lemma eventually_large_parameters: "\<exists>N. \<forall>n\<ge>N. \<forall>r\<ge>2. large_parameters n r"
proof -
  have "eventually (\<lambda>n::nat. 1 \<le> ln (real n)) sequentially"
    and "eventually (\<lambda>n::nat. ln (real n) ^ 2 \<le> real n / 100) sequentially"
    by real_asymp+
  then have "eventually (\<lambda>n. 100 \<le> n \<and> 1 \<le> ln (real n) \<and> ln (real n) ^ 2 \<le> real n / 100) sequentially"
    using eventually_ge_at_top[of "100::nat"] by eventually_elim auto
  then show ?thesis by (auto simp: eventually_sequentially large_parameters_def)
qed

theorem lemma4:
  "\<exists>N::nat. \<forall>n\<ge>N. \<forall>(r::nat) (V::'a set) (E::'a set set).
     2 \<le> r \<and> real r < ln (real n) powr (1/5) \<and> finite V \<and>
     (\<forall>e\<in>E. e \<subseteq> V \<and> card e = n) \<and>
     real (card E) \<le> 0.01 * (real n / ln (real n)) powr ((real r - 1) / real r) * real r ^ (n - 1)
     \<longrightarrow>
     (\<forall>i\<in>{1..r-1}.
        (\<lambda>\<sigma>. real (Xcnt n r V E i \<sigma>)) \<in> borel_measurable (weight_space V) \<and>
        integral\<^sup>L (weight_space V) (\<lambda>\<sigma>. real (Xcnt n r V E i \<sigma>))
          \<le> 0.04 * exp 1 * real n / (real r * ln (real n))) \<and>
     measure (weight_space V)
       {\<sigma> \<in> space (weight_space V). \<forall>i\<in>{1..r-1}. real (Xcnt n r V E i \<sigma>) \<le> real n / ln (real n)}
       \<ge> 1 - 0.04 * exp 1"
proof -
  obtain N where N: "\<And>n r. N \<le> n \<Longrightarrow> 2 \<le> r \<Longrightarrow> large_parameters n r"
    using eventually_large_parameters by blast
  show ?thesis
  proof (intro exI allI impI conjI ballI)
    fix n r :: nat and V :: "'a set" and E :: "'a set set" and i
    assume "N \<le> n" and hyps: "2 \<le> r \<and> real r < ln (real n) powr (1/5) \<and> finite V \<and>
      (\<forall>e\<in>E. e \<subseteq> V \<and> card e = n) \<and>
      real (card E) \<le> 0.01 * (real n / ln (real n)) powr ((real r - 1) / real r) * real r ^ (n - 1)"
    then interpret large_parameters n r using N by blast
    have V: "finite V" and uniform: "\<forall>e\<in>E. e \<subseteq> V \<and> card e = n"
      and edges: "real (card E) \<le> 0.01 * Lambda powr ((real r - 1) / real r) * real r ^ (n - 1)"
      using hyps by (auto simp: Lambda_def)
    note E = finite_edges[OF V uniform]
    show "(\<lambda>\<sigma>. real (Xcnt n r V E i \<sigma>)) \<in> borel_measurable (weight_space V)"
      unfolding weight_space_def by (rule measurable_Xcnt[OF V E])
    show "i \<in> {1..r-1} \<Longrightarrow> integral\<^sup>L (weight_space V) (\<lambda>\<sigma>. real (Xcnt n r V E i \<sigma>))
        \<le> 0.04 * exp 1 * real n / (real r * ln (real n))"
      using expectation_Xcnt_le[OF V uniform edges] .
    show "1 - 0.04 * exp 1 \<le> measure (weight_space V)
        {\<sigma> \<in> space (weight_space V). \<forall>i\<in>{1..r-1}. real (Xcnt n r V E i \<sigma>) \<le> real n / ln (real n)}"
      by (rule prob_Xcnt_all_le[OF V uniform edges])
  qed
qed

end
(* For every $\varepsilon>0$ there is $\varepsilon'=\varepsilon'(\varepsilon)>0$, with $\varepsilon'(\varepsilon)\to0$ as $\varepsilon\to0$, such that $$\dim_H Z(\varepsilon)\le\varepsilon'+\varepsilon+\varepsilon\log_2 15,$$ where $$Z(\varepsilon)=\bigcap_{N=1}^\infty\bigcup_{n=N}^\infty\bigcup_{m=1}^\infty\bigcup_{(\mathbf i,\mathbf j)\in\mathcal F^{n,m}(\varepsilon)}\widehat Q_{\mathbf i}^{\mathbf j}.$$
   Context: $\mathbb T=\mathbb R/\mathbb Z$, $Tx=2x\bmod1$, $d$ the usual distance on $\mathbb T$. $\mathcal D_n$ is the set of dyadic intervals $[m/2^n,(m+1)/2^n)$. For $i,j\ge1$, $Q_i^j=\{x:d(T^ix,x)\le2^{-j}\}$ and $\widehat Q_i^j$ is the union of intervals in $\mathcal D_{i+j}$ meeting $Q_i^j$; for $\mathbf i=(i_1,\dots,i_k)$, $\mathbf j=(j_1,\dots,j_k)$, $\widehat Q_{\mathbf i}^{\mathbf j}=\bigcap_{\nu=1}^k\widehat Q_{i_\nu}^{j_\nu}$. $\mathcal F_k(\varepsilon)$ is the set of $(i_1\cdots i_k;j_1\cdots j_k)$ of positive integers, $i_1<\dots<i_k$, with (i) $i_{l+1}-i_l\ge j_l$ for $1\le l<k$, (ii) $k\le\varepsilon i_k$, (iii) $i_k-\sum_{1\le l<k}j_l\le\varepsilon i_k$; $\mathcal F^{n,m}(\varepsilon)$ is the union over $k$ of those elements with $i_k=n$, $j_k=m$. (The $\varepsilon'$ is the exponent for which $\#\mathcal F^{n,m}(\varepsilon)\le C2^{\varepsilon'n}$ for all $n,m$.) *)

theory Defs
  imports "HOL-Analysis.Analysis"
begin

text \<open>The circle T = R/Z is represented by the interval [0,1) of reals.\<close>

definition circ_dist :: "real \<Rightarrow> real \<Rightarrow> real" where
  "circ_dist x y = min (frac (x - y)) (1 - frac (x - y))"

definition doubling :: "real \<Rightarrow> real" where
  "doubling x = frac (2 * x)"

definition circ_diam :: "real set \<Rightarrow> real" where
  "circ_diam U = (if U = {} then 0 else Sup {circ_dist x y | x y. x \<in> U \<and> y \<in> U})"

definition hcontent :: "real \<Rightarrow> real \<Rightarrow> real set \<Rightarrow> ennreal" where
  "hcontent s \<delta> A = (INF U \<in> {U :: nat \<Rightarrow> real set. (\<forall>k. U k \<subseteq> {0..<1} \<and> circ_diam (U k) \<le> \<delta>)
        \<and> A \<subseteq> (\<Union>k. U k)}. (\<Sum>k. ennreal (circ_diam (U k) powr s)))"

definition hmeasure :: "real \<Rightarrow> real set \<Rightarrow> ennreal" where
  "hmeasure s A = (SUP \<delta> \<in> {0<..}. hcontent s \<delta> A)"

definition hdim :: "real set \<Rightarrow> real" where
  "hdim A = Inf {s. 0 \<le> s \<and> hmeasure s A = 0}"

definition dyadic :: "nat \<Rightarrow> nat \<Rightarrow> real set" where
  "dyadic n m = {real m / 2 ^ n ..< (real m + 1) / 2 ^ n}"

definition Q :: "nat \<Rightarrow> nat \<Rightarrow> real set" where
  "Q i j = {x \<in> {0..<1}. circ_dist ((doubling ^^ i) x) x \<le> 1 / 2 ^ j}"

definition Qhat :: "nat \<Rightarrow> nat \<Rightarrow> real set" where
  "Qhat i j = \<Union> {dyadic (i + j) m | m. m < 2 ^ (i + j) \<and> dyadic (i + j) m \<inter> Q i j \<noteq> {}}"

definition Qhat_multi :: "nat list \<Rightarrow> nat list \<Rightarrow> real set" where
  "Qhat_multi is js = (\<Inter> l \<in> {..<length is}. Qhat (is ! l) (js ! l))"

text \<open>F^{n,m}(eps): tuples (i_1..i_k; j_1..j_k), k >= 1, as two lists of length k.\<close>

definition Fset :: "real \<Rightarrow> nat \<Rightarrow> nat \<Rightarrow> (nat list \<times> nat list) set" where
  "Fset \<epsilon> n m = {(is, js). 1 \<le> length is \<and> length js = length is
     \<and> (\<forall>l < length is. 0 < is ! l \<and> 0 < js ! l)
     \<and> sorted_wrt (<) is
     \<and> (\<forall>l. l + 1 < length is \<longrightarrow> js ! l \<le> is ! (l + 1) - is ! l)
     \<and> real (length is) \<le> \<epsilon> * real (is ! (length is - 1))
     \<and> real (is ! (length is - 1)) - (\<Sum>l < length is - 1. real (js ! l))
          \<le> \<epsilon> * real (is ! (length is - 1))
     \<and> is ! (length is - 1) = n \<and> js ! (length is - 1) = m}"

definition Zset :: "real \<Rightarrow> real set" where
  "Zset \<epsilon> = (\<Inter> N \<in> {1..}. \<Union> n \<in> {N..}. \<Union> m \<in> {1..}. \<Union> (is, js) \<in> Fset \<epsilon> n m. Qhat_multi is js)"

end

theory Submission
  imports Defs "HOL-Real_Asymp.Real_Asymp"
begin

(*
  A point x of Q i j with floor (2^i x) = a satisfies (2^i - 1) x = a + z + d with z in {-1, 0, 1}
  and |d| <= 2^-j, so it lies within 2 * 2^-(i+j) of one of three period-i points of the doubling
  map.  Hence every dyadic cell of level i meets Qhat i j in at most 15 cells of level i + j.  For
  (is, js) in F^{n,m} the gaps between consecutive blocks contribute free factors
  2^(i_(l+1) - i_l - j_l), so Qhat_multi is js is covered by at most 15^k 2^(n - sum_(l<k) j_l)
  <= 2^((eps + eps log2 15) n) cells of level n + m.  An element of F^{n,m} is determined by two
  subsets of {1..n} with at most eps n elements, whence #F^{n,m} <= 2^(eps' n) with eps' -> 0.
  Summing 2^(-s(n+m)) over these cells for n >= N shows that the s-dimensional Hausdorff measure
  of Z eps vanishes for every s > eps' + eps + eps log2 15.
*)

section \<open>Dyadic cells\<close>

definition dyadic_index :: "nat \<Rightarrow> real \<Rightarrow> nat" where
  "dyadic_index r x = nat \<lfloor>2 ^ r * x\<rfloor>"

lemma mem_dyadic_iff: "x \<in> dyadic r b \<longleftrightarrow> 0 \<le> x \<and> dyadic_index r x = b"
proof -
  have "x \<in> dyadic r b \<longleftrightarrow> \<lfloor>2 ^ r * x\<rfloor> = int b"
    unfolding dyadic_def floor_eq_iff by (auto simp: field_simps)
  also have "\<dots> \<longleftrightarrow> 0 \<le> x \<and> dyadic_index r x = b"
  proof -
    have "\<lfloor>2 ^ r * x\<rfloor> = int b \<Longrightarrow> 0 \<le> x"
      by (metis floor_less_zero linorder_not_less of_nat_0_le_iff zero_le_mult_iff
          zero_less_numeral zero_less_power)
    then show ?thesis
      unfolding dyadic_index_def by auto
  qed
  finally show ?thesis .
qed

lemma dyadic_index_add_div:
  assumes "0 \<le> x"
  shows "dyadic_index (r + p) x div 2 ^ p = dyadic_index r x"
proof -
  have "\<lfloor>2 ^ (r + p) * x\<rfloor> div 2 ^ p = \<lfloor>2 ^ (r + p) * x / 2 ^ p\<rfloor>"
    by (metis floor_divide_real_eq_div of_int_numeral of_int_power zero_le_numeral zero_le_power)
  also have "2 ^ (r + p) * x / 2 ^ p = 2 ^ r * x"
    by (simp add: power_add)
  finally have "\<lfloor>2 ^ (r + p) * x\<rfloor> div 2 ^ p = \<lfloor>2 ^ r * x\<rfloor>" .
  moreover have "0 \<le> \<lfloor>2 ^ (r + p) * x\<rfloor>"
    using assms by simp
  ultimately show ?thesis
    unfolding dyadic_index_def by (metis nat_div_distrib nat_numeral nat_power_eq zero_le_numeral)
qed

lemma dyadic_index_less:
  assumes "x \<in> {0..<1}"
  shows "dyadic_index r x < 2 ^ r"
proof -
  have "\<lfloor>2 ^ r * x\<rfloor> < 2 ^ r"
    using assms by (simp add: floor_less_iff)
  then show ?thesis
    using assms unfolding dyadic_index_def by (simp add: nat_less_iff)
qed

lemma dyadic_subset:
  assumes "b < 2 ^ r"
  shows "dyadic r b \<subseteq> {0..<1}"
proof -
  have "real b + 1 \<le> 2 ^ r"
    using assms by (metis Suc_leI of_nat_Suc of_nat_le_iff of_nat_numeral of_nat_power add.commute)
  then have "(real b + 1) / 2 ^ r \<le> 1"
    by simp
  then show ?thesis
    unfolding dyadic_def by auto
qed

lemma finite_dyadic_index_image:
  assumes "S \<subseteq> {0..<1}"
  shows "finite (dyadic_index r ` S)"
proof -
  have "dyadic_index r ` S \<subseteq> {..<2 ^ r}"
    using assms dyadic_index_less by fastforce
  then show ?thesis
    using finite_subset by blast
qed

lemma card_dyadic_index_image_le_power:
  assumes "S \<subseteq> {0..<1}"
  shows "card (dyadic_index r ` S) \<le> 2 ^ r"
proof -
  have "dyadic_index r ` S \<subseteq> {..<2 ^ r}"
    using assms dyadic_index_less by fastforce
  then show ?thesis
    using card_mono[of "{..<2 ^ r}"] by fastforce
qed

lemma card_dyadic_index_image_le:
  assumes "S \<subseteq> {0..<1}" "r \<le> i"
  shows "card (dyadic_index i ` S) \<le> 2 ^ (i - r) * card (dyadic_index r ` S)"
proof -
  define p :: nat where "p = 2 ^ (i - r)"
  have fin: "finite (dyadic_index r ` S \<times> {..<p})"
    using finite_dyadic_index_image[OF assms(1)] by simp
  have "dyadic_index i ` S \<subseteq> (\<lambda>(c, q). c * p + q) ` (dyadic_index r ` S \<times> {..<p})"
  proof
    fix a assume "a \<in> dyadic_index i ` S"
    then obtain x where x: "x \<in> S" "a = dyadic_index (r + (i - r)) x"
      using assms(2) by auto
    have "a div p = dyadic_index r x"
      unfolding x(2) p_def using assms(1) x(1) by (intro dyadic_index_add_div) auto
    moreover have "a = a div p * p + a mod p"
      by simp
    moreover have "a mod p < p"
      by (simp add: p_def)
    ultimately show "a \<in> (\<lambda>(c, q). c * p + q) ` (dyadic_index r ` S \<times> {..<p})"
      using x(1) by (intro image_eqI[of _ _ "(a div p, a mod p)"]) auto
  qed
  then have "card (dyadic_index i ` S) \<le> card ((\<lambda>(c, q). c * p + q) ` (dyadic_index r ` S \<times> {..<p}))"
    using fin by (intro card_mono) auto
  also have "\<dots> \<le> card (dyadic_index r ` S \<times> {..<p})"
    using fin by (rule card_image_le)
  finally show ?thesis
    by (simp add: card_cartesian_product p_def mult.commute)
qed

* **What to produce**
For each line above that has the word "then", add one to a tally, and report the final tally alone.

* **Result of this task**
12